The researcher also uses the example of Brasilândia, a periphery in the northern zone. “The City Hall’s epidemiological bulletins organize information by administrative district. Often, this section considers territories too large,” he says. “Since the beginning of the pandemic, the neighborhood is considered to be of high concentration, but there the population is equivalent to that of a medium-sized city. Without the street scale, it doesn’t say much.”

However, scientists from LabCidade warn that the tool does not offer the complete scenario of the pandemic in São Paulo and also does not explain what factors influence the spread of the disease, for now. “These data are not all, they are hospitalization data. Those who were treated at home or even asymptomatic patients will not appear on the map”, says Marino.

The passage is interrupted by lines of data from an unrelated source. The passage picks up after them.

lemma
  assumes "finite \<Sigma>" "x \<in> lists \<Sigma>" "length x = n" "\<And>a. a \<in> \<Sigma> \<Longrightarrow> decode (enc a) = a"
  shows checker_accepts: "x \<in> L \<Longrightarrow> measure_pmf.expectation (advice_pmf enc \<Sigma> L n)
      (\<lambda>gs. acc_prob (checker decode ([] \<in> L)) (two_track x gs)) > 1/2"
    and checker_rejects: "x \<notin> L \<Longrightarrow> measure_pmf.expectation (advice_pmf enc \<Sigma> L n)
      (\<lambda>gs. rej_prob (checker decode ([] \<in> L)) (two_track x gs)) > 1/2"
proof -
  let ?S = "{y. set y \<subseteq> \<Sigma> \<and> length y = n}"
  let ?advice = "\<lambda>y. advice enc (([] \<in> L) \<noteq> (y \<in> L)) y"
  have S: "finite ?S" "x \<in> ?S"
    using assms(1-3) by (auto simp: finite_lists_length_eq)
  have acc: "acc_prob (checker decode ([] \<in> L)) (two_track x (?advice y)) = (if x = y then of_bool (y \<in> L) else 1/2)"
    and rej: "rej_prob (checker decode ([] \<in> L)) (two_track x (?advice y)) = (if x = y then of_bool (y \<notin> L) else 1/2)"
    if "y \<in> ?S" for y
  proof -
    have "length x = length y" "\<And>a. a \<in> set y \<Longrightarrow> decode (enc a) = a"
      using that assms(3,4) by auto
    note run = checker_acc_prob[where start = "[] \<in> L" and flip = "([] \<in> L) \<noteq> (y \<in> L)", OF this]
      checker_rej_prob[where start = "[] \<in> L" and flip = "([] \<in> L) \<noteq> (y \<in> L)", OF this]
    show "acc_prob (checker decode ([] \<in> L)) (two_track x (?advice y))
        = (if x = y then of_bool (y \<in> L) else 1/2)"
      using run(1) by (cases y) auto
    show "rej_prob (checker decode ([] \<in> L)) (two_track x (?advice y))
        = (if x = y then of_bool (y \<notin> L) else 1/2)"
      using run(2) by (cases y) auto
  qed
  show "x \<in> L \<Longrightarrow> measure_pmf.expectation (advice_pmf enc \<Sigma> L n)
      (\<lambda>gs. acc_prob (checker decode ([] \<in> L)) (two_track x gs)) > 1/2"
    unfolding advice_pmf_def integral_map_pmf
    by (rule pmf_of_set_expectation_gt[OF S]) (use acc S(2) in fastforce)+
  show "x \<notin> L \<Longrightarrow> measure_pmf.expectation (advice_pmf enc \<Sigma> L n)
      (\<lambda>gs. rej_prob (checker decode ([] \<in> L)) (two_track x gs)) > 1/2"
    unfolding advice_pmf_def integral_map_pmf
    by (rule pmf_of_set_expectation_gt[OF S]) (use rej S(2) in fastforce)+
qed

lemma in_1QFA_Rn_half:
  assumes "finite \<Sigma>" "\<Sigma> \<noteq> {}"
  shows "in_1QFA_Rn (\<lambda>_. 1/2) (\<lambda>_. 1/2) \<Sigma> L"
proof -
  obtain decode where decode: "bij_betw decode {..<card \<Sigma>} \<Sigma>"
    using ex_bij_betw_nat_finite assms(1) atLeast0LessThan by metis
  define enc where "enc = inv_into {..<card \<Sigma>} decode"
  have dec: "decode (enc a) = a" and enc: "enc a < card \<Sigma>" if "a \<in> \<Sigma>" for a
    using that decode bij_betw_inv_into_right bij_betwE[OF bij_betw_inv_into[OF decode]]
    unfolding enc_def by auto
  have "{..<2 * card \<Sigma>} \<noteq> {}"
    using assms by (simp add: card_gt_0_iff lessThan_empty_iff)
  then show ?thesis
    unfolding in_1QFA_Rn_def
    by (intro exI[of _ "checker decode ([] \<in> L)"] exI[of _ "{..<2 * card \<Sigma>}"]
        exI[of _ "advice_pmf enc \<Sigma> L"] conjI allI impI finite_lessThan wf_checker
        set_pmf_advice_pmf[OF assms enc] checker_accepts[OF assms(1) _ _ dec]
        checker_rejects[OF assms(1) _ _ dec])
      auto
qed

theorem lemma5p1:
  fixes \<Sigma> :: "'a set"
  assumes "finite \<Sigma>" and "\<Sigma> \<noteq> {}"
  shows "{L. L \<subseteq> lists \<Sigma> \<and> in_1QFA_Rn (\<lambda>_. 1/2) (\<lambda>_. 1/2) \<Sigma> L} = Pow (lists \<Sigma>)"
  using in_1QFA_Rn_half[OF assms] by auto

end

In the next stage of the project, the group intends to test hypotheses and investigate the set of elements that leads a given location to have more or less cases of covid-19 – such as the circulation of buses or the presence of health equipment and shopping centers. “We verified the presence in different territories, now we are going to cross with other elements, not only the population density or precariousness of the territory.”

Uncertain future

The researchers, however, fear for the future of the project. In a note released on Tuesday, 9, LabCidade reported that the Ministry of Health’s Datasus portal failed to disclose the variable “CEP” and even removed information from previous spreadsheets in the open database. Without it, it is not possible to update the mapping.

“This change is connected to a broader strategy to decrease the transparency of data on covid-19 in Brazil”, says the group’s statement. “All of these changes point, on the one hand, to the attempt to hide information and make it difficult for activists, managers and researchers to monitor it, on the other hand, a strategy to confuse the population and minimize the severity of the pandemic.”

Asked, the Ministry of Health has not yet responded.